Липкие сны - страница 12
– А за грибами никак сегодня? – Я вопросительно посмотрел на чернеющую вдали кромку леса.
– Ну, это как посмотреть. – Юра оторвался от раковины. – В лесу после такого дождя делать нечего. Ты там просто утонешь без сапог. А грибы – можем купить на станции, хоть ведро, хоть два. Привезешь Наташе, чтобы оправдать поездку.

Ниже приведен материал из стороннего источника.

(* Let $\Omega\subset\mathbb{R}^2$ be a bounded planar domain admitting $p$-frames ($p\ge1$ an integer), and let $T$ be an invertible real $2\times2$ matrix. Then $$\frac{A(T(\Omega))^{1+p}}{I_{2p}(T(\Omega))}=\frac{A(T^{-1}(\Omega))^{1+p}}{I_{2p}(T^{-1}(\Omega))}.$$
   Context: $G_\Omega=\{U\in O(2):U(\Omega)=\Omega\}$; $\Omega$ admits $p$-frames if every $G_\Omega$-invariant homogeneous polynomial of degree $2p$ on $\mathbb{R}^2$ is a scalar multiple of $|x|^{2p}$. $A(D)$ is area and $I_{2p}(D)=\int_D|x|^{2p}dx$. *)

theory Defs
  imports "HOL-Analysis.Analysis"
begin

definition sym_group :: "(real^2) set \<Rightarrow> (real^2^2) set" where
  "sym_group \<Omega> = {U. orthogonal_matrix U \<and> (\<lambda>x. U *v x) ` \<Omega> = \<Omega>}"

definition homog_poly :: "nat \<Rightarrow> (real^2 \<Rightarrow> real) \<Rightarrow> bool" where
  "homog_poly d f \<longleftrightarrow> (\<exists>c :: nat \<Rightarrow> real.
      \<forall>x. f x = (\<Sum>k\<le>d. c k * (x$1) ^ k * (x$2) ^ (d - k)))"

definition admits_p_frames :: "nat \<Rightarrow> (real^2) set \<Rightarrow> bool" where
  "admits_p_frames p \<Omega> \<longleftrightarrow>
     (\<forall>f. homog_poly (2*p) f \<and> (\<forall>U\<in>sym_group \<Omega>. \<forall>x. f (U *v x) = f x)
          \<longrightarrow> (\<exists>a::real. \<forall>x. f x = a * norm x ^ (2*p)))"

definition area :: "(real^2) set \<Rightarrow> real" where
  "area D = measure lebesgue D"

definition I_moment :: "nat \<Rightarrow> (real^2) set \<Rightarrow> real" where
  "I_moment q D = integral D (\<lambda>x. norm x ^ q)"

end

theory Submission
  imports Defs
begin

text \<open>
  By linear changes of variables, \<open>A(T \<Omega>) = |det T| A(\<Omega>)\<close>, \<open>I(T \<Omega>) = |det T| \<integral>\<^sub>\<Omega> |T x|^2p\<close>
  and \<open>I(T\<^sup>-\<^sup>1 \<Omega>) = |det T|^(-1-2p) \<integral>\<^sub>\<Omega> (det T^2 |T\<^sup>-\<^sup>1 x|^2)^p\<close>, so the claim reduces to the
  equality of the two integrals. The quadratic forms \<open>|T x|^2\<close> and \<open>det T^2 |T\<^sup>-\<^sup>1 x|^2\<close> have
  the same trace and determinant, hence the same eigenvalues \<open>l1, l2\<close>, so both are of the form
  \<open>l1 \<langle>v, x\<rangle>^2 + l2 \<langle>v\<^sup>\<bottom>, x\<rangle>^2\<close> with \<open>|v| = 1\<close>. As a function of \<open>v\<close>, the integral over \<open>\<Omega>\<close>
  of the \<open>p\<close>-th power of this form is a \<open>G\<^sub>\<Omega>\<close>-invariant homogeneous polynomial of degree \<open>2p\<close>,
  hence a multiple of \<open>|v|^2p\<close> because \<open>\<Omega>\<close> admits \<open>p\<close>-frames; so it is the same for all
  unit vectors \<open>v\<close>.
\<close>

lemma continuous_absolutely_integrable_on_bounded:
  fixes h :: "'a::euclidean_space \<Rightarrow> real"
  assumes "continuous_on UNIV h" "bounded S" "S \<in> sets lebesgue"
  shows "h absolutely_integrable_on S"
proof -
  obtain a b where "S \<subseteq> cbox a b"
    using assms(2) bounded_subset_cbox_symmetric by metis
  moreover have "h absolutely_integrable_on cbox a b"
    using absolutely_integrable_continuous assms(1) continuous_on_subset by blast
  ultimately show ?thesis
    using assms(3) set_integrable_subset by blast
qed

lemma integral_linear_image_real:
  fixes h :: "real^'n::{finite,wellorder} \<Rightarrow> real" and g :: "real^'n::_ \<Rightarrow> real^'n::_"
  assumes "linear g" "(h \<circ> g) absolutely_integrable_on S"
  shows "integral (g ` S) h = \<bar>det (matrix g)\<bar> * integral S (h \<circ> g)"
proof -
  let ?f = "\<lambda>x. (vec (h x) :: real^1)"
  have "(\<lambda>x. (h \<circ> g) x *\<^sub>R (vec 1 :: real^1)) absolutely_integrable_on S"
    using absolutely_integrable_scaleR_right[OF assms(2)] .
  moreover have "(\<lambda>x. (h \<circ> g) x *\<^sub>R (vec 1 :: real^1)) = ?f \<circ> g"
    by (auto simp: vec_eq_iff)
  ultimately have int_fg: "(?f \<circ> g) absolutely_integrable_on S"
    by simp
  then have int_f: "?f absolutely_integrable_on (g ` S)"
    using absolutely_integrable_on_linear_image[OF assms(1)] by blast
  have "integral (g ` S) ?f = \<bar>det (matrix g)\<bar> *\<^sub>R integral S (?f \<circ> g)"
    using integral_change_of_variables_linear[OF assms(1)] int_fg by blast
  moreover have "integral (g ` S) h = integral (g ` S) ?f $ 1"
    using integral_component_eq_cart[of ?f "g ` S" 1] int_f absolutely_integrable_on_def by auto
  moreover have "integral S (h \<circ> g) = integral S (?f \<circ> g) $ 1"
    using integral_component_eq_cart[of "?f \<circ> g" S 1] int_fg absolutely_integrable_on_def
    by (auto simp: o_def)
  ultimately show ?thesis
    by simp
qed

lemma integral_orthogonal_invariant:
  fixes h :: "real^'n::{finite,wellorder} \<Rightarrow> real"
  assumes U: "orthogonal_matrix U" and image_eq: "(\<lambda>x. U *v x) ` S = S"
    and h: "continuous_on UNIV h" and S: "bounded S" "S \<in> sets lebesgue"
  shows "integral S (\<lambda>x. h (transpose U *v x)) = integral S h"
proof -
  let ?g = "\<lambda>x. transpose U *v x"
  have "?g (U *v x) = x" for x
    using U unfolding orthogonal_matrix_def by (metis matrix_vector_mul_assoc matrix_vector_mul_lid)
  then have "?g ` (\<lambda>x. U *v x) ` S = S"
    by (simp only: image_image image_ident)
  then have image_g: "?g ` S = S"
    by (simp only: image_eq)
  have "\<bar>det (matrix ?g)\<bar> = \<bar>det U\<bar>"
    by (simp only: matrix_of_matrix_vector_mul det_transpose)
  then have det_g: "\<bar>det (matrix ?g)\<bar> = 1"
    using det_orthogonal_matrix[OF U] by auto
  have "continuous_on UNIV ?g"
    by (rule linear_continuous_on[OF matrix_vector_mul_bounded_linear])
  then have "continuous_on UNIV (h \<circ> ?g)"
    by (rule continuous_on_compose) (rule continuous_on_subset[OF h], simp)
  then have "(h \<circ> ?g) absolutely_integrable_on S"
    by (rule continuous_absolutely_integrable_on_bounded[OF _ S])
  then have "integral (?g ` S) h = \<bar>det (matrix ?g)\<bar> * integral S (h \<circ> ?g)"
    by (rule integral_linear_image_real[OF matrix_vector_mul_linear])
  then show ?thesis
    unfolding image_g det_g by (simp add: o_def)
qed

section \<open>Homogeneous polynomials with continuous coefficients\<close>

text \<open>A homogeneous polynomial in \<open>z\<close> whose coefficients are continuous in the parameter \<open>x\<close>,
  so that it can be integrated over \<open>x\<close>.\<close>

definition homog_poly_family :: "nat \<Rightarrow> (real^2 \<Rightarrow> real^2 \<Rightarrow> real) \<Rightarrow> bool" where
  "homog_poly_family d G \<longleftrightarrow> (\<exists>c::nat \<Rightarrow> real^2 \<Rightarrow> real. (\<forall>k. continuous_on UNIV (c k)) \<and>
      (\<forall>x z. G x z = (\<Sum>k\<le>d. c k x * (z$1)^k * (z$2)^(d-k))))"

– Знаешь что! – Я вдруг представил Наташу, ее лицо, улыбку, если бы я рассказал ей об этом предложении. – Мне нет нужды оправдываться перед Наташей. У нас нет секретов друг от друга, и нас это полностью устраивает
– А зря. Привез бы ей пару ведер белых, подосиновиков, она была бы довольна. – Юра говорил примирительно, как бы успокаивая меня.
Мне стало неловко за свою резкость. Юра – мой старинный и самый близкий друг. Человек, с которым я учился в школе с первого по десятый класс. Он знал все мои секреты и недостатки. Он никогда не забывал обо мне и не предавал. Наверное, за столько лет дружбы мы стали настолько близки, что нам порой не нужны слова, чтобы доказать свою преданность и дружбу. В общем, для меня Юра был настоящей опорой, одним из корней, которые привязывают нас к месту на земле к самой жизни. И хотя в последние годы мы виделись с ним редко, три-четыре раза в год, для меня он оставался самым близким и желанным другом.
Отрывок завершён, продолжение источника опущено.